» **INFORMATION SUPPLIED**
....
theorem theorem2p4:
  fixes P1 P2 :: "'k::field_char_0 poly" and k :: int
  assumes "lead_coeff P1 = 1" and "lead_coeff P2 = 1"
    and "palindromic P1" and "palindromic P2"
  shows "is_basis_over (coeff_ring P1 P2) (clalg P1 P2) (stdmon P1 P2 k)"
proof -
  interpret rank2_cluster P1 P2
    using assms by unfold_locales
  have "clalg P1 P2 = std_span k"
    using clalg_subset_std_span std_span_subset_clalg by blast
  then show ?thesis
    unfolding is_basis_over_iff coeff_ring_eq using stdmon_linear_independent by blast
qed

end
(* Consider a substrate edge $(u,v)\in E_S$. Let $0<\varepsilon\le1$ be such that $d_{\max}(r,u,v)/d_S(u,v)\le\varepsilon$ for all $r\in\mathcal R$. Let $\Delta=\sum_{r\in\mathcal R}\big(A_{\max}(r,u,v)/d_{\max}(r,u,v)\big)^2$ and $\gamma=1+\varepsilon\sqrt{2\Delta\log|V_S|}$. Then $\mathbb P\big(A_{u,v}\ge\gamma\cdot d_S(u,v)\big)\le|V_S|^{-4}$.
   Context: Substrate: directed graph $G_S=(V_S,E_S)$, node types $\mathcal T$, $V_S^\tau\subseteq V_S$, resources $R_S=\{(\tau,u):u\in V_S^\tau\}\cup E_S$, capacities $d_S(x,y)>0$. Requests $r\in\mathcal R$: directed graph $G_r=(V_r,E_r)$, types $\tau_r$, demands $d_r(i),d_r(i,j)\ge0$, allowed node sets $V_S^{r,i}\subseteq V_S^{\tau_r(i)}$, allowed edge sets $E_S^{r,i,j}\subseteq E_S$. Valid mappings $m_r$ (nodes to allowed nodes, each edge $(i,j)$ to a directed path between the images within $E_S^{r,i,j}$), set $\mathcal M_r$; allocation $A(m_r,u,v)=\sum_{(i,j):(u,v)\in m^E_r(i,j)}d_r(i,j)$ for edges and $A(m_r,\tau,u)=\sum_{i:\tau_r(i)=\tau,m_r^V(i)=u}d_r(i)$ for node resources; $d_{\max}(r,u,v)=\max_{(i,j)\in E_r:(u,v)\in E_S^{r,i,j}}d_r(i,j)$; $A_{\max}(r,u,v)=\max_{m\in\mathcal M_r}A(m,u,v)$. Rounding setting (profit variant): for each request $r$ a finite family $\mathcal D_r=\{(f^k_r,m^k_r)\}_k$ with $f^k_r>0$, $m^k_r\in\mathcal M_r$, $\sum_kf^k_r\le1$, obtained by decomposing a feasible solution of the paper's decomposable LP relaxation of the VNEP, so that in particular $\sum_r\sum_kf^k_rA(m^k_r,x,y)\le d_S(x,y)$ for all resources $(x,y)$. Independently for each $r$, $m^k_r$ is selected with probability $f^k_r$ and nothing with probability $1-\sum_kf^k_r$; $A_{u,v}$ is the total allocation of the selected mappings on $(u,v)$. *)

theory Defs
  imports "HOL-Probability.Probability"
begin

definition is_dpath :: "('v \<times> 'v) set \<Rightarrow> 'v \<Rightarrow> 'v \<Rightarrow> 'v list \<Rightarrow> bool" where
  "is_dpath E s t p \<longleftrightarrow> p \<noteq> [] \<and> hd p = s \<and> last p = t \<and> distinct p \<and> set (zip p (tl p)) \<subseteq> E"

definition path_edges :: "'v list \<Rightarrow> ('v \<times> 'v) set" where
  "path_edges p = set (zip p (tl p))"

text \<open>A mapping: node map and edge map (each request edge to a substrate path).\<close>
type_synonym ('n, 'v) mapping = "('n \<Rightarrow> 'v) \<times> ('n \<times> 'n \<Rightarrow> 'v list)"

definition valid_mapping ::
  "('v \<times> 'v) set \<Rightarrow> 'n set \<Rightarrow> ('n \<times> 'n) set \<Rightarrow> ('n \<Rightarrow> 'v set)
   \<Rightarrow> ('n \<Rightarrow> 'n \<Rightarrow> ('v \<times> 'v) set) \<Rightarrow> ('n, 'v) mapping \<Rightarrow> bool" where
  "valid_mapping ES Vr Er Vallow Eallow m \<longleftrightarrow>
     (\<forall>i\<in>Vr. fst m i \<in> Vallow i) \<and>
     (\<forall>(i,j)\<in>Er. is_dpath (ES \<inter> Eallow i j) (fst m i) (fst m j) (snd m (i,j)))"

definition alloc_edge :: "('n \<times> 'n) set \<Rightarrow> ('n \<times> 'n \<Rightarrow> real) \<Rightarrow> ('n, 'v) mapping \<Rightarrow> 'v \<Rightarrow> 'v \<Rightarrow> real" where
  "alloc_edge Er dE m u v = (\<Sum>e\<in>{e\<in>Er. (u,v) \<in> path_edges (snd m e)}. dE e)"

definition alloc_node :: "'n set \<Rightarrow> ('n \<Rightarrow> 't) \<Rightarrow> ('n \<Rightarrow> real) \<Rightarrow> ('n, 'v) mapping \<Rightarrow> 't \<Rightarrow> 'v \<Rightarrow> real" where
  "alloc_node Vr tau dV m ty u = (\<Sum>i\<in>{i\<in>Vr. tau i = ty \<and> fst m i = u}. dV i)"

text \<open>d_max(r,u,v); the maximum over the empty set is taken to be 0 (demands are nonnegative).\<close>
definition d_max :: "('n \<times> 'n) set \<Rightarrow> ('n \<times> 'n \<Rightarrow> real) \<Rightarrow> ('n \<Rightarrow> 'n \<Rightarrow> ('v \<times> 'v) set) \<Rightarrow> 'v \<Rightarrow> 'v \<Rightarrow> real" where
  "d_max Er dE Eallow u v = Max (insert 0 {dE (i,j) | i j. (i,j) \<in> Er \<and> (u,v) \<in> Eallow i j})"

text \<open>A_max(r,u,v) = max over valid mappings; 0 if there is no valid mapping (allocations are nonnegative).\<close>
definition A_max ::
  "('v \<times> 'v) set \<Rightarrow> 'n set \<Rightarrow> ('n \<times> 'n) set \<Rightarrow> ('n \<Rightarrow> 'v set)
   \<Rightarrow> ('n \<Rightarrow> 'n \<Rightarrow> ('v \<times> 'v) set) \<Rightarrow> ('n \<times> 'n \<Rightarrow> real) \<Rightarrow> 'v \<Rightarrow> 'v \<Rightarrow> real" where
  "A_max ES Vr Er Vallow Eallow dE u v =
     Max (insert 0 {alloc_edge Er dE m u v | m. valid_mapping ES Vr Er Vallow Eallow m})"

definition select_pmf :: "'k set \<Rightarrow> ('k \<Rightarrow> real) \<Rightarrow> 'k option pmf" where
  "select_pmf K f = embed_pmf (\<lambda>x. case x of
       None \<Rightarrow> 1 - (\<Sum>k\<in>K. f k)
     | Some k \<Rightarrow> (if k \<in> K then f k else 0))"

definition joint_selection :: "'r set \<Rightarrow> ('r \<Rightarrow> 'k set) \<Rightarrow> ('r \<Rightarrow> 'k \<Rightarrow> real) \<Rightarrow> ('r \<Rightarrow> 'k option) pmf" where
  "joint_selection R K f = Pi_pmf R None (\<lambda>r. select_pmf (K r) (f r))"

end

theory Submission
  imports Defs
begin

text \<open>
  Under the rounding, request r independently puts a load on (u, v) lying between 0 and
  A_max(r,u,v), and by feasibility of the LP solution the expected total load is at most
  d_S(u,v). Since d_max(r,u,v) \<le> \<epsilon> d_S(u,v), the Hoeffding denominator
  \<Sum>_r A_max(r,u,v)^2 is at most \<epsilon>^2 d_S(u,v)^2 \<Delta>, and Hoeffding's inequality
  for the deviation (\<gamma> - 1) d_S(u,v) = \<epsilon> d_S(u,v) sqrt(2 \<Delta> ln |V_S|) gives
  exp(-4 ln |V_S|) = |V_S|^-4.
\<close>

lemma self_le_mult_divide:
  fixes b c d :: real
  assumes "0 \<le> c" and "0 \<le> d" and "d \<le> b" and "d = 0 \<Longrightarrow> c = 0"
  shows "c \<le> b * (c / d)"
proof (cases "d = 0")
  case False
  then have "c = d * (c / d)"
    by simp
  also have "\<dots> \<le> b * (c / d)"
    using assms by (intro mult_right_mono) auto
  finally show ?thesis .
qed (use assms in simp)

lemma exp_le_powr_neg4:
  fixes n s t :: real
  assumes "1 \<le> n" and "0 < s" and "2 * s * ln n \<le> t\<^sup>2"
  shows "exp (-2 * t\<^sup>2 / s) \<le> n powr (-4)"
proof -
  have "4 * ln n \<le> 2 * t\<^sup>2 / s"
    using assms(2,3) by (simp add: pos_le_divide_eq)
  then have "exp (-2 * t\<^sup>2 / s) \<le> exp (-4 * ln n)"
    by simp
  also have "\<dots> = n powr (-4)"
    using assms(1) by (simp add: powr_def)
  finally show ?thesis .
qed

lemma d_max_nonneg:
  assumes "finite Er"
  shows "0 \<le> d_max Er dE Eallow u v"
  unfolding d_max_def
  by (rule Max_ge) (auto intro: finite_subset[OF _ finite_imageI[OF assms, of dE]])

lemma dE_le_d_max:
  assumes "finite Er" and "(i, j) \<in> Er" and "(u, v) \<in> Eallow i j"
  shows "dE (i, j) \<le> d_max Er dE Eallow u v"
  unfolding d_max_def using assms
  by (intro Max_ge) (auto intro: finite_subset[OF _ finite_imageI[OF assms(1), of dE]])

lemma valid_mapping_path_edge_allowed:
  assumes "valid_mapping ES Vr Er Vallow Eallow m" and "(i, j) \<in> Er"
    and "(u, v) \<in> path_edges (snd m (i, j))"
  shows "(u, v) \<in> Eallow i j"
  using assms unfolding valid_mapping_def is_dpath_def path_edges_def by auto

lemma alloc_edge_nonneg:
  assumes "\<And>e. 0 \<le> dE e"
  shows "0 \<le> alloc_edge Er dE m u v"
  unfolding alloc_edge_def using assms by (intro sum_nonneg) auto
lemma card_walks_ballot:
  assumes "1 \<le> v"
  shows "int (card (walks 1 m v 1)) = ballot m v"
  using assms
proof (induction "nat (1 - v + 2 * m)" arbitrary: v m rule: less_induct)
  case less
  show ?case
  proof (cases "v = 1")
    case True
    then show ?thesis
      using card_walks_unfold[of 1 1 m 1] by (simp add: walks_zero_visits_to_one ballot_def)
  next
    case False
    then have "2 \<le> v"
      using less.prems by simp
    then have split: "card (walks 1 m v 1) = card (walks 1 m (v + 1) 1) + card (walks 1 (m - 1) (v - 1) 1)"
      using card_walks_unfold[of v 1 m 1] by simp
    show ?thesis
    proof (cases "1 - v + 2 * m \<le> 0")
      case True
      then show ?thesis
        using \<open>2 \<le> v\<close> by (simp add: split walks_too_short ballot_def ibinom_def)
    next
      case False
      then show ?thesis
        using less.hyps[of "v + 1" m] less.hyps[of "v - 1" "m - 1"] \<open>2 \<le> v\<close> ballot_rec[of v m]
        by (simp add: split)
    qed
  qed
qed
lemma sn_apps_semT_Arr_psi:
  assumes "M \<in> semT (Arr k (Psi Top))" "S \<in> semK k" "S' \<in> sn_args"
  shows "sn (apps M (S @ S'))"
proof -
  have "\<forall>z S. S \<in> semK k \<longrightarrow> apps (ren z M) S \<in> sn_appl" using assms(1) by simp
  then have "apps (ren id M) S \<in> sn_appl" using assms(2) by blast
  then have "sn (apps (ren id (apps (ren id M) S)) S')"
    using assms(3) unfolding sn_appl_def by blast
  then show ?thesis by simp
qed

inductive_cases rD_ArrE: "rD (Arr k r)"
inductive_cases rC_ArrE: "rC (Arr k r)"
inductive_cases rC_ProdE: "rC (ty.Prod d k)"

lemma restricted_sem:
  "rD d \<Longrightarrow> (\<forall>x. Var x \<in> semT d) \<and> (\<forall>M\<in>semT d. sn M)"
  "rC k \<Longrightarrow> \<exists>n. \<forall>xs. n \<le> length xs \<longrightarrow> map Var xs \<in> semK k"
proof (induction rule: rD_rC.inducts)
  case (1 k)
  then obtain n where "\<forall>xs. n \<le> length xs \<longrightarrow> map Var xs \<in> semK k" by blast
  from this[rule_format, of "replicate n 0"] have "map Var (replicate n 0) \<in> semK k" by simp
  then have "sn (apps M (map Var (replicate n 0)))" if "M \<in> semT (Arr k (Psi Top))" for M
    using sn_apps_semT_Arr_psi[OF that, of _ "[]"] by simp
  then show ?case using Var_semT_Arr_psi sn_appsD by blast
next
  case (4 d k)
  then obtain n where n: "\<forall>xs. n \<le> length xs \<longrightarrow> map Var xs \<in> semK k" by blast
  have "map Var xs \<in> semK (ty.Prod d k)" if len: "Suc n \<le> length xs" for xs
  proof -
    obtain x xs' where "xs = x # xs'" "n \<le> length xs'" using len by (cases xs) auto
    then show ?thesis using n 4 by simp
  qed
  then show ?case by blast
next
  case (5 a b)
  then obtain n m where "\<forall>xs. n \<le> length xs \<longrightarrow> map Var xs \<in> semK a"
    and "\<forall>xs. m \<le> length xs \<longrightarrow> map Var xs \<in> semK b" by blast
  then have "\<forall>xs. max n m \<le> length xs \<longrightarrow> map Var xs \<in> semK (Meet a b)" by simp
  then show ?case by blast
qed (auto simp: sn_args_def)

definition Omega :: trm where
  "Omega = App (Lam (App (Var 0) (Var 0))) (Lam (App (Var 0) (Var 0)))"

lemma not_sn_Omega: "\<not> sn Omega"
proof
  have r: "red Omega Omega"
    unfolding Omega_def using red_redc.beta[of "App (Var 0) (Var 0)" "Lam (App (Var 0) (Var 0))"]
    by simp
  have "sn X \<Longrightarrow> X \<noteq> Omega" for X
    by (induction rule: sn.induct) (use r in blast)
  then show "sn Omega \<Longrightarrow> False" by blast
qed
....
What you give back must be the stretch above, starting at the line with "ballot_rec[of v m]" and ending at the line with "using sn_apps_semT_Arr_psi[OF that, of", copied exactly.

        using less.hyps[of "v + 1" m] less.hyps[of "v - 1" "m - 1"] \<open>2 \<le> v\<close> ballot_rec[of v m]
        by (simp add: split)
    qed
  qed
qed
lemma sn_apps_semT_Arr_psi:
  assumes "M \<in> semT (Arr k (Psi Top))" "S \<in> semK k" "S' \<in> sn_args"
  shows "sn (apps M (S @ S'))"
proof -
  have "\<forall>z S. S \<in> semK k \<longrightarrow> apps (ren z M) S \<in> sn_appl" using assms(1) by simp
  then have "apps (ren id M) S \<in> sn_appl" using assms(2) by blast
  then have "sn (apps (ren id (apps (ren id M) S)) S')"
    using assms(3) unfolding sn_appl_def by blast
  then show ?thesis by simp
qed

inductive_cases rD_ArrE: "rD (Arr k r)"
inductive_cases rC_ArrE: "rC (Arr k r)"
inductive_cases rC_ProdE: "rC (ty.Prod d k)"

lemma restricted_sem:
  "rD d \<Longrightarrow> (\<forall>x. Var x \<in> semT d) \<and> (\<forall>M\<in>semT d. sn M)"
  "rC k \<Longrightarrow> \<exists>n. \<forall>xs. n \<le> length xs \<longrightarrow> map Var xs \<in> semK k"
proof (induction rule: rD_rC.inducts)
  case (1 k)
  then obtain n where "\<forall>xs. n \<le> length xs \<longrightarrow> map Var xs \<in> semK k" by blast
  from this[rule_format, of "replicate n 0"] have "map Var (replicate n 0) \<in> semK k" by simp
  then have "sn (apps M (map Var (replicate n 0)))" if "M \<in> semT (Arr k (Psi Top))" for M
    using sn_apps_semT_Arr_psi[OF that, of _ "[]"] by simp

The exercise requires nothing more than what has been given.